### Exercise directions:
Within the records below, reproduce without change the lines from the line that has "by (rule sum.cong) (auto simp: rho_def" through the line that has "S1 ** transpose", and only those.
(Record excerpts begins)
lemma rho_mult_mono_left:
  "rho (fa_mult (fa_mono u) F) v t = (\<Sum>t'\<in>words (length t - length u). act_word u t' t * rho F v t')"
proof (cases "length u + length v \<le> length t")
  case True
  define m where "m = length t - length v - length u"
  have "rho (fa_mult (fa_mono u) F) v t = (\<Sum>s\<in>words (length t - length v).
      if take (length u) s = u then F (drop (length u) s) * act_word (u @ drop (length u) s) v t else 0)"
    unfolding rho_def fa_mult_mono_left by (rule sum.cong) (auto, metis append_take_drop_id)
  also have "\<dots> = (if length u \<le> length t - length v
      then (\<Sum>s\<in>words (length t - length v - length u). F s * act_word (u @ s) v t) else 0)"
    by (rule sum_words_prefix)
  also have "\<dots> = (\<Sum>s\<in>words m. F s * act_word (u @ s) v t)"
    using True by (simp add: m_def)
  also have "\<dots> = (\<Sum>s\<in>words m. F s * (\<Sum>t'\<in>words (m + length v). act_word u t' t * act_word s v t'))"
    by (rule sum.cong) (auto simp: act_word_append)
  also have "\<dots> = (\<Sum>s\<in>words m. \<Sum>t'\<in>words (m + length v). act_word u t' t * (F s * act_word s v t'))"
    by (simp add: sum_distrib_left algebra_simps)
  also have "\<dots> = (\<Sum>t'\<in>words (m + length v). \<Sum>s\<in>words m. act_word u t' t * (F s * act_word s v t'))"
    by (rule sum.swap)
  also have "\<dots> = (\<Sum>t'\<in>words (m + length v). act_word u t' t * rho F v t')"
    by (rule sum.cong) (auto simp: rho_def sum_distrib_left)
  also have "m + length v = length t - length u" using True by (simp add: m_def)
  finally show ?thesis .
next
  case False
  have "act_word u t' t * rho F v t' = 0" for t'
    using act_word_length[of u t' t] rho_short[of t' v F] False by fastforce
  then have "(\<Sum>t'\<in>words (length t - length u). act_word u t' t * rho F v t') = 0"
    by (simp only: sum.neutral_const)
  then show ?thesis
    using False by (simp only: rho_mult_mono_left_short not_le)
qed
theorem theorem2p11:
  fixes A :: "real^'n^'n" and C :: "real^'m^'n" and b :: "real^'m"
    and S1 :: "real^'k^'n" and n0 b0 :: "real^'n" and g0 :: "real^'k"
    and P :: "real^'n^'n" and H :: "real^'k^'k" and \<gamma> lam :: real and z :: "real^'n"
  assumes "CARD('m) < CARD('n)"
    and "transpose A = A"
    and "rank C = CARD('m)"
    and "n0 = C *v (matrix_inv (transpose C ** C) *v b)"
    and "norm n0 < 1"
    and "\<gamma> = sqrt (1 - (norm n0)\<^sup>2)"
    and "P = mat 1 - C ** matrix_inv (transpose C ** C) ** transpose C"
    and "b0 = P *v (A *v n0)"
    and "b0 \<noteq> 0"
    and "CARD('k) = CARD('n) - CARD('m)"
    and "transpose S1 ** S1 = mat 1"
    and "range (\<lambda>x. S1 *v x) = {v. transpose C *v v = 0}"
    and "H = transpose S1 ** A ** S1"
    and "g0 = transpose S1 *v b0"
    and "qep_minimizer A C P \<gamma> b0 lam z"
    and "b0 \<bullet> z = 0"
  shows "lam = lambda_min H
    \<and> (\<forall>u \<in> eigenspace H (lambda_min H). g0 \<bullet> u = 0)
    \<and> mat_eigenvalue (P ** A ** P) (lambda_min H)
    \<and> (\<forall>v \<in> eigenspace (P ** A ** P) (lambda_min H). b0 \<bullet> v = 0)"
proof -
  note A_sym = assms(2) and rank_C = assms(3) and S1 = assms(11) and range_S1 = assms(12)
  have \<gamma>: "\<gamma> > 0"
    using assms(5,6) by (simp add: power_less_one_iff)
  have P: "P = S1 ** transpose S1"
    using null_projector_eq_orthonormal_basis[OF rank_C S1 range_S1]
    by (simp add: assms(7) null_projector_def)
  have PAP: "P ** A ** P = S1 ** H ** transpose S1"
    by (simp add: P assms(13) matrix_mul_assoc)
  have b0: "b0 = S1 *v g0"
    by (metis P S1 assms(8,14) matrix_mul_assoc matrix_mul_lid matrix_vector_mul_assoc)
  have H_sym: "transpose H = H" by (simp add: assms(13) A_sym matrix_transpose_mul matrix_mul_assoc)
  have feasible: "qep_feasible A C P \<gamma> b0 lam z"
    and minimal: "\<And>l z'. qep_feasible A C P \<gamma> b0 l z' \<Longrightarrow> lam \<le> l"
    using assms(15) unfolding qep_minimizer_def by auto
  have PAPz: "(P ** A ** P) *v z = lam *\<^sub>R z"
    using qep_feasible_orthogonal_eigenvector[OF _ feasible assms(16)] H_sym
    by (simp add: PAP matrix_transpose_mul matrix_mul_assoc)
  have z: "z \<noteq> 0" "transpose C *v z = 0" using feasible unfolding qep_feasible_def by blast+
  then obtain y where "z = S1 *v y" using range_S1 by blast
  then have "mat_eigenvalue H lam"
    using compression_eigenvalue[OF S1] PAPz PAP z by simp
  moreover have "lam \<le> l" if "y \<noteq> 0"
    and "(H - l *\<^sub>R mat 1) *v ((H - l *\<^sub>R mat 1) *v y) = (inverse (\<gamma>\<^sup>2) * (g0 \<bullet> y)) *\<^sub>R g0" for l y
    using qep_feasible_compression[OF S1 range_S1 PAP that] minimal b0 by blast
  ultimately have lam_min: "lam = lambda_min H"
    and perp: "\<forall>u \<in> eigenspace H (lambda_min H). g0 \<bullet> u = 0"
    using reduced_qep_hard_case[OF H_sym \<gamma>] by blast+
  have "mat_eigenvalue (P ** A ** P) (lambda_min H)"
    using PAPz z lam_min unfolding mat_eigenvalue_def by blast
  moreover have "\<forall>v \<in> eigenspace (P ** A ** P) (lambda_min H). b0 \<bullet> v = 0"
    unfolding PAP b0 using compression_eigenspace_orthogonal[OF S1 perp] .
  ultimately show ?thesis using lam_min perp by blast
qed

end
(Record excerpts ends)
### Output for this task:
    by (rule sum.cong) (auto simp: rho_def sum_distrib_left)
  also have "m + length v = length t - length u" using True by (simp add: m_def)
  finally show ?thesis .
next
  case False
  have "act_word u t' t * rho F v t' = 0" for t'
    using act_word_length[of u t' t] rho_short[of t' v F] False by fastforce
  then have "(\<Sum>t'\<in>words (length t - length u). act_word u t' t * rho F v t') = 0"
    by (simp only: sum.neutral_const)
  then show ?thesis
    using False by (simp only: rho_mult_mono_left_short not_le)
qed
theorem theorem2p11:
  fixes A :: "real^'n^'n" and C :: "real^'m^'n" and b :: "real^'m"
    and S1 :: "real^'k^'n" and n0 b0 :: "real^'n" and g0 :: "real^'k"
    and P :: "real^'n^'n" and H :: "real^'k^'k" and \<gamma> lam :: real and z :: "real^'n"
  assumes "CARD('m) < CARD('n)"
    and "transpose A = A"
    and "rank C = CARD('m)"
    and "n0 = C *v (matrix_inv (transpose C ** C) *v b)"
    and "norm n0 < 1"
    and "\<gamma> = sqrt (1 - (norm n0)\<^sup>2)"
    and "P = mat 1 - C ** matrix_inv (transpose C ** C) ** transpose C"
    and "b0 = P *v (A *v n0)"
    and "b0 \<noteq> 0"
    and "CARD('k) = CARD('n) - CARD('m)"
    and "transpose S1 ** S1 = mat 1"
    and "range (\<lambda>x. S1 *v x) = {v. transpose C *v v = 0}"
    and "H = transpose S1 ** A ** S1"
    and "g0 = transpose S1 *v b0"
    and "qep_minimizer A C P \<gamma> b0 lam z"
    and "b0 \<bullet> z = 0"
  shows "lam = lambda_min H
    \<and> (\<forall>u \<in> eigenspace H (lambda_min H). g0 \<bullet> u = 0)
    \<and> mat_eigenvalue (P ** A ** P) (lambda_min H)
    \<and> (\<forall>v \<in> eigenspace (P ** A ** P) (lambda_min H). b0 \<bullet> v = 0)"
proof -
  note A_sym = assms(2) and rank_C = assms(3) and S1 = assms(11) and range_S1 = assms(12)
  have \<gamma>: "\<gamma> > 0"
    using assms(5,6) by (simp add: power_less_one_iff)
  have P: "P = S1 ** transpose S1"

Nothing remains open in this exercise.